As mentioned previously, microglia remove damaged synapses during the early stages of Aβ plaque accumulation and delay axonal damage by clearing damaged synapses [163]. The removal of supernumerary synaptic connections by microglia also occurs during normal development to modify neural circuits [164]; however, this process can reactivate during aging or AD development, perhaps via the activation of complement-mediated mechanisms that coincide with Aβ plaque [165]. Yoshiyama reported a toxic role of microglial activation in AD, with microglial activation coinciding with synapse loss before Tau NFT appearance [166], probably by triggering other signaling pathways responsible for neuronal loss, such as the tumor necrosis factor (TNF) pathway [167]. As plaque load increases in AD, an individual axon may suffer multiple points of damage, and microglia appear unable to clear the amyloid burden during later-stage AD [168]. Nevertheless, microglial depletion does not affect plaque formation or maintenance and neuritic dystrophy [169]; therefore, a greater understanding of the balance between beneficial and detrimental roles remains crucial to an improved understanding of microglial relevance to AD-associated neuronal loss. Recently, the Amit group published unique data on a novel AD-associated microglia subtype initially activated in a Trem2-independent manner that involves microglial checkpoint downregulation followed by the activation of a Trem2-dependent program [170]. Therefore, these cells can restrict neurodegeneration, which may have critical implications in treating AD.
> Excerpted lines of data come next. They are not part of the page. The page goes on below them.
lemma reachable_Diff:
  assumes "finite D" "D \<subseteq> T" "x \<in> V" "y \<in> V"
    and "\<forall>e\<in>D. reachable (T - {e}) x y"
  shows "reachable (T - D) x y"
  using assms(1,2,5)
proof (induction D rule: finite_induct)
  case empty
  then show ?case using reachable_all assms(3,4) by simp
next
  case (insert e D)
  let ?N = "T - D"
  have "reachable ?N x y" "e \<in> ?N"
    using insert by auto
  moreover obtain u v where e: "e = {u, v}"
    using edges_on \<open>e \<in> ?N\<close> unfolding edges_on_def by blast
  ultimately have "reachable (insert {u, v} (?N - {e})) x y"
    by (simp add: insert_absorb)
  \<comment> \<open>otherwise the ends of e stay connected via x and y in T - {e}, but e is a bridge\<close>
  have "reachable (?N - {e}) x y"
  proof (rule ccontr)
    assume "\<not> reachable (?N - {e}) x y"
    with \<open>reachable (insert {u, v} (?N - {e})) x y\<close>
    have "(reachable (?N - {e}) x u \<and> reachable (?N - {e}) v y)
          \<or> (reachable (?N - {e}) x v \<and> reachable (?N - {e}) u y)"
      unfolding reachable_insert_iff by blast
    moreover have "reachable (?N - {e}) s t \<Longrightarrow> reachable (T - {e}) s t" for s t
      by (erule reachable_mono) auto
    ultimately have "(reachable (T - {e}) x u \<and> reachable (T - {e}) v y)
          \<or> (reachable (T - {e}) x v \<and> reachable (T - {e}) u y)"
      by blast
    moreover have "reachable (T - {e}) x y"
      using insert.prems by simp
    ultimately have "reachable (T - {e}) u v"
      by (meson reachable_sym reachable_trans)
    moreover have "{u, v} \<in> T"
      using insert.prems e by simp
    ultimately show False
      using not_reachable_remove_edge e by simp
  qed
  then show ?case
    by (simp only: Diff_insert[of T e D])
qed

lemma exchange:
  assumes "e \<in> T" "x \<in> V" "y \<in> V" "\<not> reachable (T - {e}) x y"
  shows "num_components V (insert {x, y} (T - {e})) = 1"
    and "card (insert {x, y} (T - {e})) = card T"
proof -
  show "num_components V (insert {x, y} (T - {e})) = 1"
    using num_components_insert_new[OF assms(4) assms(2,3) finite_vertices]
      num_components_remove_edge[OF assms(1)] by linarith
  have "{x, y} \<notin> T - {e}"
    by (meson assms(4) reachable_edge)
  moreover have "0 < card T"
    using assms(1) finite_edges card_gt_0_iff by blast
  ultimately show "card (insert {x, y} (T - {e})) = card T"
    using assms(1) finite_edges by (simp add: card_Diff_singleton)
qed

end

lemma doubleton_Suc_eq_iff: "{k, Suc k} = {i, Suc i} \<longleftrightarrow> k = i"
  by (auto simp: doubleton_eq_iff)

lemma inj_on_path_edge: "inj_on (\<lambda>k. {k, Suc k}) A"
  unfolding inj_on_def by (simp add: doubleton_Suc_eq_iff)

lemma path_edges_eq_image: "path_edges n = (\<lambda>k. {k, Suc k}) ` {..<n}"
  unfolding path_edges_def by auto

lemma finite_path_edges: "finite (path_edges n)"
  and card_path_edges: "card (path_edges n) = n"
  unfolding path_edges_eq_image by (simp_all add: card_image inj_on_path_edge)

lemma edge_weight_path_edge: "k < n \<Longrightarrow> edge_weight n c p {k, Suc k} = c k"
proof -
  assume "k < n"
  then have "(THE i. i < n \<and> {k, Suc k} = {i, Suc i}) = k"
    by (intro the_equality) (auto simp: doubleton_Suc_eq_iff)
  with \<open>k < n\<close> show ?thesis
    unfolding edge_weight_def path_edges_def by auto
qed

lemma tree_on_path: "tree_on {0..n} (path_edges n)"
proof
  show "finite {0..n}" "finite (path_edges n)" "card (path_edges n) + 1 = card {0..n}"
    by (simp_all add: finite_path_edges card_path_edges)
  show "edges_on {0..n} (path_edges n)"
    unfolding edges_on_def path_edges_def by fastforce
  have from_0: "reachable (path_edges n) 0 k" if "k \<le> n" for k
    using that
  proof (induction k)
    case 0
    then show ?case by simp
  next
    case (Suc k)
    then have "reachable (path_edges n) k (Suc k)"
      by (intro reachable_edge) (auto simp: path_edges_def)
    with Suc show ?case
      by (auto intro: reachable_trans)
  qed
  have "\<forall>u\<in>{0..n}. \<forall>v\<in>{0..n}. reachable (path_edges n) u v"
    using from_0 by (meson atLeastAtMost_iff reachable_sym reachable_trans)
  then show "num_components {0..n} (path_edges n) = 1"
    using num_components_eq_1_iff[of "{0..n}"] by simp
qed

lemma finite_nonpath_pairs: "finite (nonpath_pairs n)"
proof -
  have "nonpath_pairs n \<subseteq> Pow {0..n}"
    unfolding nonpath_pairs_def by auto
  then show ?thesis
    by (rule finite_subset) simp
qed

definition a_edges :: "nat \<Rightarrow> (nat \<Rightarrow> real) \<Rightarrow> real \<Rightarrow> nat set set" where
  "a_edges n c a = {{k, Suc k} | k. k < n \<and> c k = a}"

lemma a_edges_eq_image: "a_edges n c a = (\<lambda>k. {k, Suc k}) ` {k. k < n \<and> c k = a}"
  unfolding a_edges_def by auto

lemma a_edges_subset: "a_edges n c a \<subseteq> path_edges n"
  unfolding a_edges_def path_edges_def by auto

lemma path_edge_in_a_edges_iff: "k < n \<Longrightarrow> {k, Suc k} \<in> a_edges n c a \<longleftrightarrow> c k = a"
  unfolding a_edges_def by (auto simp: doubleton_Suc_eq_iff)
Developing efficient protocols for differentiating hiPSCs into microglia has helped highlight their significant role in AD pathogenesis. Microglia differentiated from AD-hiPSCs derived from patients bearing the APOE4 variant displayed a decreased ability to uptake Aβ peptide and alterations in the expression of pro-inflammatory signaling pathway genes compared to isogenic APOE3-hiPSC-derived microglia [130]. A recent study by Xu et al. demonstrated that microglia generated from sporadic AD-hiPSCs displayed alterations to cytokine secretion and apoptosis levels following lipopolysaccharide-mediated activation [171]. Although hiPSC-derived microglia represent a valuable tool to allow a more profound understanding of the mechanisms underlying AD pathogenesis, their role in AD remains controversial [172]. Thus, microglial cells require investigation in more sophisticated cellular systems; furthermore, detecting differential activities and hallmarks in disease-associated neuroglial cells, such as astrocytes and microglia, at early and presymptomatic stages of AD may unravel novel therapeutic targets.
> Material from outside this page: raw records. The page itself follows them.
(* Let $n=2^m$ with $m\ge1$, let $\rho_{\text{in}}$ be an $n$-qubit density matrix, and let $f_{\text{TT}}$ be the objective function of the $n$-qubit TT-QNN. Then $$\mathbb{E}_{\boldsymbol\theta}\Big(f_{\text{TT}}-\frac12\Big)^2\ge\frac{\text{Tr}[(\sigma_1\otimes I^{\otimes(n-1)})\rho_{\text{in}}]^2+\text{Tr}[(\sigma_3\otimes I^{\otimes(n-1)})\rho_{\text{in}}]^2}{8n},$$ where the expectation is over all parameters drawn independently and uniformly from $[0,2\pi]$.
   Context: Pauli matrices $\sigma_0=I,\sigma_1=X,\sigma_2=Y,\sigma_3=Z$; qubits numbered $1,\dots,n$. A rotation with parameter $\theta$ on qubit $q$ is $e^{-i\theta\sigma_2}$ on qubit $q$. A CNOT with control $c$ and target $t$ is $|0\rangle\langle0|_c\otimes I_t+|1\rangle\langle1|_c\otimes(\sigma_1)_t$. TT-QNN: $V_{\text{TT}}=V_{m+1}CX_mV_m\cdots CX_1V_1$, where for $\ell=1,\dots,m+1$, $V_\ell$ is the tensor product of rotations with independent parameters on qubits $(j-1)2^{\ell-1}+1$, $j=1,\dots,n2^{1-\ell}$; for $\ell=1,\dots,m$, $CX_\ell$ is the product of CNOTs with control qubit $(j-\frac12)2^\ell+1$ and target $(j-1)2^\ell+1$, $j=1,\dots,n2^{-\ell}$. $f_{\text{TT}}(\boldsymbol\theta)=\frac12+\frac12\text{Tr}[(\sigma_3\otimes I^{\otimes(n-1)})V_{\text{TT}}(\boldsymbol\theta)\rho_{\text{in}}V_{\text{TT}}(\boldsymbol\theta)^\dagger]$. *)

theory Defs
  imports "Jordan_Normal_Form.Schur_Decomposition" "HOL-Probability.Probability"
begin

text \<open>Computational basis index i < 2^n; qubit q (1..n) is the q-th tensor factor
  from the left, i.e. the bit of weight 2^(n-q).\<close>
definition qbit :: "nat \<Rightarrow> nat \<Rightarrow> nat \<Rightarrow> nat" where
  "qbit n q i = (i div 2 ^ (n - q)) mod 2"

definition pauli :: "nat \<Rightarrow> complex mat" where
  "pauli k = (if k = 0 then mat_of_rows_list 2 [[1, 0], [0, 1]]
    else if k = 1 then mat_of_rows_list 2 [[0, 1], [1, 0]]
    else if k = 2 then mat_of_rows_list 2 [[0, -\<i>], [\<i>, 0]]
    else mat_of_rows_list 2 [[1, 0], [0, -1]])"

text \<open>The operator U (a 2x2 matrix) acting on qubit q, tensored with identities elsewhere.\<close>
definition on_qubit :: "nat \<Rightarrow> nat \<Rightarrow> complex mat \<Rightarrow> complex mat" where
  "on_qubit n q U = Matrix.mat (2 ^ n) (2 ^ n) (\<lambda>(i, j).
     if (\<forall>p \<in> {1..n} - {q}. qbit n p i = qbit n p j) then U $$ (qbit n q i, qbit n q j) else 0)"

text \<open>Rotation e^{-i theta sigma_2} = cos theta I - i sin theta sigma_2 (as sigma_2^2 = I).\<close>
definition rot :: "real \<Rightarrow> complex mat" where
  "rot \<theta> = complex_of_real (cos \<theta>) \<cdot>\<^sub>m pauli 0 - (\<i> * complex_of_real (sin \<theta>)) \<cdot>\<^sub>m pauli 2"

definition proj0 :: "complex mat" where "proj0 = mat_of_rows_list 2 [[1, 0], [0, 0]]"
definition proj1 :: "complex mat" where "proj1 = mat_of_rows_list 2 [[0, 0], [0, 1]]"

definition cnot :: "nat \<Rightarrow> nat \<Rightarrow> nat \<Rightarrow> complex mat" where
  "cnot n c t = on_qubit n c proj0 + on_qubit n c proj1 * on_qubit n t (pauli 1)"

definition mat_prod_list :: "nat \<Rightarrow> complex mat list \<Rightarrow> complex mat" where
  "mat_prod_list d Us = foldr (*) Us (1\<^sub>m d)"

text \<open>Parameters are indexed by pairs (l, j): layer l, rotation j.\<close>
definition V_layer :: "nat \<Rightarrow> nat \<Rightarrow> (nat \<times> nat \<Rightarrow> real) \<Rightarrow> complex mat" where
  "V_layer n l \<theta> = mat_prod_list (2 ^ n)
     (map (\<lambda>j. on_qubit n ((j - 1) * 2 ^ (l - 1) + 1) (rot (\<theta> (l, j)))) [1..<n div 2 ^ (l - 1) + 1])"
Three-Dimensional hiPSC-based models of AD
The traditional 2D monolayer culture of hiPSC derivatives has allowed the discovery of disease-associated molecular events in AD by supporting the generation of a homogenous population of regional- or subtype-specific neurons, astrocytes, and microglia. Furthermore, this approach has fostered the development of cell therapies and supported drug screening in other neurodegenerative diseases; however, 2D monolayer cultures fail to fully recapitulate the in vivo characteristics of the different brain layers and lack interactions with other cells within specific tissue microenvironments, which represents a crucial aspect for AD studies.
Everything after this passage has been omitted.